Strains used were P. aeruginosa PAO1 and P. syringae pv. syringae B728a.

b

Helicase domain of gp41.

Figure 4.

Figure 4

Phylogenetic tree relating the split times of the φKZ-like phages to the history of relevant bacterial species. The host tree was derived from rRNA sequence (see methods). The φKZ-like phage tree is shown either with an equal rate assumption (solid lines), or as adjusted for a two-fold greater divergence rate (dashed lines).

Table 3.

Divergence values useful for estimating age of 201φ2-1:EL split

201φ2-1: φEL T4:P-SSM2 (2.8 Bya viral ref.) P. aeruginosa: cyanobacteria (2.8 Bya host ref.)a

large terminase 75% 65%
capsid 80% 65%
sheath 79% 63%
tail tube 80% 65%
UvsX 75% 66% 41%
SbcC 70% 66% 54%
SbcD 70% 68% 65%
DnaB 77% 56% 56%

ave. (Col. 1/ref.) 1.2 1.6
a

Cyanobacterial reference strain was Synechococcus sp. WH5701

For the older EL split, the closest reference point in the T4 lineage is the T4:cyano-T4 split. Cyanobacteria:P. aeruginosa cellular genes were used as the cellular reference (Table 3). There is a large range of uncertainty in the actual time of this split as indicated by the rRNA result (Fig. 4), and also in the results of Battistuzzi et al. (2004) obtained using a large set of protein data. However, the minimum age is considered to be 2.3 Bya. The 201φ2-1:EL divergences exceed the cyanobacterial and cyano-T4 divergences (Table 3). Without incorporating a faster divergence rate for the φKZ-like phages, the resulting 201φ2-1:EL split time is implausibly ancient. First, φKZ-like phages originating at this time should have descended into many different genera of both gram negative and gram positive bacteria. More importantly, the relationship of some of these genes (terminase and tail sheath discussed above and capsid by structural comparison (Fokine et al., 2005)) argues that the common ancestor with the other myoviruses is much earlier than the 201φ2-1:EL split. So the 201φ2-1:EL split itself should not be close to the origin of life on earth. By accepting the two-fold faster divergence rate for the φKZ-like phages, the 201φ2-1:EL split is brought down to a time whereby it could have occurred in the early Pseudomonas lineage, thus alleviating both of those discrepancies (Fig. 4, dashed lines).

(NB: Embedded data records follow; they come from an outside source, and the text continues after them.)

lemma P_shifted_append: "P_shifted (u @ v) s = P_shifted u s * P_shifted v (s + num_D u)"
proof -
  let ?g = "\<lambda>p. monom (1::int) (\<Sum>c\<in>chords u. fst p c) * monom 1 (\<Sum>c\<in>chords v. snd p c)"
  have "P_shifted (u @ v) s = (\<Sum>L\<in>shifted_labellings (u @ v) s. ?g (split_labelling u v L))"
    unfolding P_shifted_def sum_chords_append by (simp add: mult_monom)
  also have "\<dots> = (\<Sum>p\<in>shifted_labellings u s \<times> shifted_labellings v (s + num_D u). ?g p)"
    by (rule sum.reindex_bij_betw[OF bij_betw_split_labelling])
  also have "\<dots> = P_shifted u s * P_shifted v (s + num_D u)"
    unfolding P_shifted_def sum_product sum.cartesian_product by (simp add: case_prod_beta)
  finally show ?thesis .
qed

end


section \<open>Wrapping\<close>

text \<open>The outer chord carries the smallest label \<open>a \<le> s\<close>; subtracting it from the labels
  of the inner chords yields a labelling of \<open>x\<close> with capacities raised by \<open>s - a\<close>.\<close>

definition peel_labelling :: "bool list \<Rightarrow> labelling \<Rightarrow> nat \<times> labelling" where
  "peel_labelling x L =
    (L (outer_chord x),
     \<lambda>c. if c \<in> chords x then L (shift_chord 1 c) - L (outer_chord x) else 0)"

definition wrap_labelling :: "bool list \<Rightarrow> nat \<times> labelling \<Rightarrow> labelling" where
  "wrap_labelling x p = (\<lambda>c.
    if c = outer_chord x then fst p
    else if c \<in> shift_chord 1 ` chords x then snd p (fst c - 1, snd c - 1) + fst p
    else 0)"

context
  fixes x :: "bool list"
  assumes x: "dyck x"
begin

lemma chords_wrap_cases:
  assumes "c \<in> chords (wrap x)"
  obtains "c = outer_chord x" | c' where "c' \<in> chords x" "c = shift_chord 1 c'"
  using assms chords_wrap[OF x] by blast

lemma outer_chord_contains: "c \<in> chords x \<Longrightarrow> strictly_contains (outer_chord x) (shift_chord 1 c)"
  using chords_bound[OF x] by (simp add: strictly_contains_def)

lemma outer_label_le_inner:
  "L \<in> shifted_labellings (wrap x) s \<Longrightarrow> c \<in> chords x \<Longrightarrow> L (outer_chord x) \<le> L (shift_chord 1 c)"
  using shifted_labellingsD(2) outer_chord_contains chords_wrap[OF x] by blast

lemma outer_label_le:
  assumes L: "L \<in> shifted_labellings (wrap x) s"
  shows "L (outer_chord x) \<le> s"
proof (cases "x = []")
  case True
  then show ?thesis
    using shifted_labellingsD(3)[OF L, of "outer_chord x"] chords_wrap[OF x]
    by (simp add: leaf_chord_def)
next
  case False
  then obtain c where c: "c \<in> chords x" "leaf_chord c" "capacity x c = 0"
    using ex_leaf_chord_capacity_0[OF x] by blast
  have "L (outer_chord x) \<le> L (shift_chord 1 c)"
    using outer_label_le_inner[OF L c(1)] .
  also have "\<dots> \<le> capacity (wrap x) (shift_chord 1 c) + s"
    using shifted_labellingsD(3)[OF L] c chords_wrap[OF x] by simp
  also have "capacity (wrap x) (shift_chord 1 c) = 0"
    using capacity_wrap_inner[of c x] chords_bound[OF x c(1)] c(3) by simp
  finally show ?thesis
    by simp
qed

lemma peel_labelling_mem:
  assumes L: "L \<in> shifted_labellings (wrap x) s"
  shows "peel_labelling x L \<in> (SIGMA a:{..s}. shifted_labellings x (s - a))"
proof -
  let ?a = "L (outer_chord x)"
  have in_wrap: "c \<in> chords x \<Longrightarrow> shift_chord 1 c \<in> chords (wrap x)" for c
    using chords_wrap[OF x] by blast
  have "snd (peel_labelling x L) \<in> shifted_labellings x (s - ?a)"
  proof (rule shifted_labellingsI)
    fix c d
    show "c \<notin> chords x \<Longrightarrow> snd (peel_labelling x L) c = 0"
      by (simp add: peel_labelling_def)
    show "c \<in> chords x \<Longrightarrow> d \<in> chords x \<Longrightarrow> strictly_contains c d \<Longrightarrow>
        snd (peel_labelling x L) c \<le> snd (peel_labelling x L) d"
      using shifted_labellingsD(2)[OF L] in_wrap by (simp add: peel_labelling_def diff_le_mono)
    show "c \<in> chords x \<Longrightarrow> leaf_chord c \<Longrightarrow> snd (peel_labelling x L) c \<le> capacity x c + (s - ?a)"
      using shifted_labellingsD(3)[OF L, of "shift_chord 1 c"] in_wrap outer_label_le[OF L]
        capacity_wrap_inner[of c x] chords_bound[OF x, of c] by (simp add: peel_labelling_def)
  qed
  then show ?thesis
    using outer_label_le[OF L] by (simp add: peel_labelling_def)
qed

lemma wrap_labelling_outer: "wrap_labelling x p (outer_chord x) = fst p"
  by (simp add: wrap_labelling_def)

lemma wrap_labelling_inner:
  "c \<in> chords x \<Longrightarrow> wrap_labelling x p (shift_chord 1 c) = snd p c + fst p"
  by (simp add: wrap_labelling_def)

lemma wrap_labelling_outside: "c \<notin> chords (wrap x) \<Longrightarrow> wrap_labelling x p c = 0"
  using chords_wrap[OF x] by (simp add: wrap_labelling_def)

lemma wrap_labelling_mem:
  assumes p: "p \<in> (SIGMA a:{..s}. shifted_labellings x (s - a))"
  shows "wrap_labelling x p \<in> shifted_labellings (wrap x) s"
proof (rule shifted_labellingsI)
  have a: "fst p \<le> s" and L': "snd p \<in> shifted_labellings x (s - fst p)"
    using p by auto
  fix c
  show "c \<notin> chords (wrap x) \<Longrightarrow> wrap_labelling x p c = 0"
    by (rule wrap_labelling_outside)
  show "wrap_labelling x p c \<le> capacity (wrap x) c + s" if c: "c \<in> chords (wrap x)" "leaf_chord c"
  proof (cases rule: chords_wrap_cases[OF c(1)])
    case (2 c')
    then show ?thesis
      using shifted_labellingsD(3)[OF L', of c'] c(2) a capacity_wrap_inner[of c' x]
        chords_bound[OF x, of c'] wrap_labelling_inner[OF 2(1)] by simp
  qed (simp add: wrap_labelling_outer a)
  fix d
  assume c: "c \<in> chords (wrap x)" and d: "d \<in> chords (wrap x)" and cd: "strictly_contains c d"
  show "wrap_labelling x p c \<le> wrap_labelling x p d"
  proof (cases rule: chords_wrap_cases[OF d])
    case 1
    then show ?thesis
      using cd by (cases rule: chords_wrap_cases[OF c]) (auto simp: strictly_contains_def)
  next
    case (2 d')
    show ?thesis
    proof (cases rule: chords_wrap_cases[OF c])
      case 1
      then show ?thesis
        using 2 wrap_labelling_outer wrap_labelling_inner by simp
    next
      case (2 c')
      then show ?thesis
        using \<open>d' \<in> chords x\<close> \<open>d = shift_chord 1 d'\<close> cd shifted_labellingsD(2)[OF L', of c' d']
          wrap_labelling_inner by simp
    qed
  qed
qed

lemma wrap_peel_labelling:
  assumes L: "L \<in> shifted_labellings (wrap x) s"
  shows "wrap_labelling x (peel_labelling x L) = L"
proof
  fix c
  show "wrap_labelling x (peel_labelling x L) c = L c"
  proof (cases "c \<in> chords (wrap x)")
    case True
    then show ?thesis
      using outer_label_le_inner[OF L] wrap_labelling_inner wrap_labelling_outer
      by (cases rule: chords_wrap_cases) (simp_all add: peel_labelling_def)
  qed (simp add: wrap_labelling_outside shifted_labellingsD(1)[OF L])
qed

lemma peel_wrap_labelling:
  assumes p: "p \<in> (SIGMA a:{..s}. shifted_labellings x (s - a))"
  shows "peel_labelling x (wrap_labelling x p) = p"
proof -
  have "snd p \<in> shifted_labellings x (s - fst p)"
    using p by auto
  then have "snd p c = 0" if "c \<notin> chords x" for c
    using that by (rule shifted_labellingsD(1))
  then show ?thesis
    using wrap_labelling_outer wrap_labelling_inner
    by (simp add: peel_labelling_def fun_eq_iff prod_eq_iff)
qed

Accounting for the extra genes of 201φ2-1

The φKZ-like phages have evolved not only by residue replacments but also by processes that dramatically alter their overall content of genes. We sought to characterize and quantitate those processes. Whereas the extra length of φKZ compared to EL is mostly in one region, the extra genome length of 201φ2-1 compared to φKZ is distributed at multiple sites, often in modules packed with small genes all transcribed in the same orientation (Fig. 3). The final predicted set of 462 genes in 201φ2-1 compares to 306 genes predicted in φKZ by Mesyanzhinov et al. (2002). Our prediction scheme annotates another 63 small reading frames in φKZ in addition to those previously reported (Supplementary Table 1). The newly annotated φKZ frames are of a similar quality to the previously annotated frames in the same size range as evidenced by the following observation. Blastp matches with 201φ2-1 validated the same fraction (19%) in both sets. Of all the open reading frames initially predicted for 201φ2-1, only eight have been subsequently discounted because they fail to pack cleanly into their respective operons and/or have no recognizable ribosome binding sites. Hence, we expect only a few false positives in the 201φ2-1 predicted genes. This leaves 93 more genes predicted in 201φ2-1 to account for the extra 36 kb of genome length. The very smallest and therefore most ambiguous category (under 100 codons) is not in excess in 201φ2-1. The frame excess in 201φ2-1 is mostly accounted for by an excess of genes of 100–200 codons, but there is an excess of 23 genes predicted with more than 200 codons and four predicted with more than 500 codons.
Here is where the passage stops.